Please note that all the function has a first parameter pointing to a lnlb_struct structure. This is always passed by the main driver and tells the module to which cluster we're referring (since we can have more than a cluster on a machine, each cluster is associated to a virtual interface... each virtual interface has a lnlb_struct structure... se the if_lnlb.h header for more).
You should not usually need to read parmeters in the passed, lnlb_struct. It should be only useful to you to distinguish between clusters (theorically if you implement some kind of tracking table you should have a table for each lnlb_struct in order to avoid messing tracking info between more clusters).
int dgram_is_related(const struct lnlb_struct*,struct sk_buff *,unsigned char *)
This function is called by the main driver to ask whether the module if the current sk_buff is map ped to a node or not. Module must return a a true/false value (0 is not mapped, 1 is mapped). On true value the node MAC address must be copied out in the unsigned char * parm.

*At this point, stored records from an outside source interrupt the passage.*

lemma based_chain_complex_boundary_system:
  assumes C: "based_chain_complex I deg sp bd"
  shows "boundary_system I sp bd"
proof -
  interpret direct_sum_family I sp
    using C unfolding based_chain_complex_def by unfold_locales auto
  show ?thesis
  proof
    fix c v assume "c \<in> I" "v \<in> sp c"
    then have v: "v \<in> chain_space I deg sp (deg c)"
      using summand_subset_chain_space[of c I sp deg] by blast
    show "bd v \<in> total_space I sp"
    proof (cases "deg c")
      case 0
      then show ?thesis
        using based_chain_complex_bd_bottom[OF C] v by (simp add: total_space_def span_zero)
    next
      case (Suc m)
      then show ?thesis
        using based_chain_complex_bd_chain_space[OF C] v chain_space_subset_total_space[of I deg sp m]
        by auto
    qed
  next
    show "bd 0 = 0" using C linear_0 unfolding based_chain_complex_def by blast
  qed
qed

lemma based_chain_complex_morse_system:
  "based_chain_complex I deg sp bd \<Longrightarrow> morse_matching I deg sp bd M \<Longrightarrow> morse_system I sp bd deg M"
  by (rule morse_system.intro[OF based_chain_complex_boundary_system morse_system_axioms.intro])

lemma edge_degree:
  assumes C: "based_chain_complex I deg sp bd" and e: "edge I sp bd a b"
  shows "deg b + 1 = deg a"
proof -
  interpret boundary_system I sp bd
    using based_chain_complex_boundary_system[OF C] .
  obtain x where x: "x \<in> sp a" and nz: "proj I sp b (bd x) \<noteq> 0" and "a \<in> I"
    using e unfolding edge_def blk_def by blast
  then have x_chain: "x \<in> chain_space I deg sp (deg a)"
    using summand_subset_chain_space[of a I sp deg] by blast
  show ?thesis
  proof (cases "deg a")
    case 0
    then have "bd x = 0" using based_chain_complex_bd_bottom[OF C] x_chain by simp
    then show ?thesis using nz proj_0 by simp
  next
    case (Suc m)
    then have "bd x \<in> chain_space I deg sp m"
      using based_chain_complex_bd_chain_space[OF C] x_chain by simp
    then show ?thesis using nz Suc proj_chain_space_other_degree by fastforce
  qed
qed

lemma morse_bd_boundary_system:
  assumes C: "based_chain_complex I deg sp bd" and M: "morse_matching I deg sp bd M"
  shows "boundary_system (critical I M) sp (morse_bd I deg sp bd M)"
proof -
  interpret morse_system I sp bd deg M
    using based_chain_complex_morse_system[OF C M] .
  interpret critical: direct_sum_family "critical I M" sp
    by (rule critical_family)
  show ?thesis
  proof
    fix c v assume "c \<in> critical I M" "v \<in> sp c"
    then have v: "v \<in> total_space (critical I M) sp"
      unfolding total_space_def by (auto intro: span_base)
    show "morse_bd I deg sp bd M v \<in> total_space (critical I M) sp"
      unfolding morse_bd_def total_space_def
    proof (intro span_sum)
      fix a b assume a: "a \<in> critical I M" and b: "b \<in> {b \<in> critical I M. deg b + 1 = deg a}"
      then have "Gamma I sp bd M b a (proj (critical I M) sp a v) \<in> sp b"
        using v critical_subset[of I M] by (intro Gamma_summand critical.proj_in_summand) auto
      then show "Gamma I sp bd M b a (proj (critical I M) sp a v) \<in> span (\<Union>(sp ` critical I M))"
        using b by (auto intro: span_base)
    qed
  next
    show "morse_bd I deg sp bd M 0 = 0"
      by (simp add: morse_bd_def critical.proj_0 Gamma_0)
  qed
qed

lemma rstep_preserves_degree_below:
  assumes C: "based_chain_complex I deg sp bd" and M: "morse_matching I deg sp bd M"
    and free: "nfree deg M n" and step: "rstep I sp bd M x y" and x: "deg x < n"
  shows "deg y < n"
proof (cases "(y, x) \<in> M")
  case True
  then have "deg x + 1 = deg y"
    using M edge_degree[OF C] unfolding morse_matching_def by blast
  moreover have "\<not> (deg y = n \<and> deg x + 1 = n)"
    using free True unfolding nfree_def by blast
  ultimately show ?thesis using x by linarith
next
  case False
  then have "deg y + 1 = deg x"
    using step edge_degree[OF C] unfolding rstep_def by blast
  then show ?thesis using x by linarith
qed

void dgram_assigned(const struct lnlb_struct *,struct sk_buff *,unsigned char *)
The main driver notifies us that the current sk_buff has been assigned to the node (refernced by it's MAC addres passed as an unsigned char *). At this point we should store tracking informations in our tables (or anything else).
void node_died(const struct lnlb_struct *,unsigned char *)
The main driver notifies us that the referenced node is faulty (so we should remove it from our tracking tables).
void interface_created(const struct lnlb_struct*)
The main driver notifies us that a new cluster (and so a new lnlb_struct) has been created. At this point we should usually allocate and initialize our tracking tables.
void interface_deleted(const struct lnlb_struct*)
The main driver notifies us that a the cluster (and so the lnlb_struct) has been removed. At this point we should usually deallocate our tracking tables
uint32_t (*save_status)(const struct lnlb_struct*,char **)
The main driver asks us to serialize the tracking status of this module into a buffer (the function must kmalloc it with GFP_ATOMIC priority). Buffer lenght is returned. Buffer pointer is copied out into the char** param (*param=buf_addr)
int (*load_status)(const struct lnlb_struct*,char *,uint32_t)
The main driver tells us to clear our tracking status and deserialize the buffer (pointed by char * arg) of uint32_t length .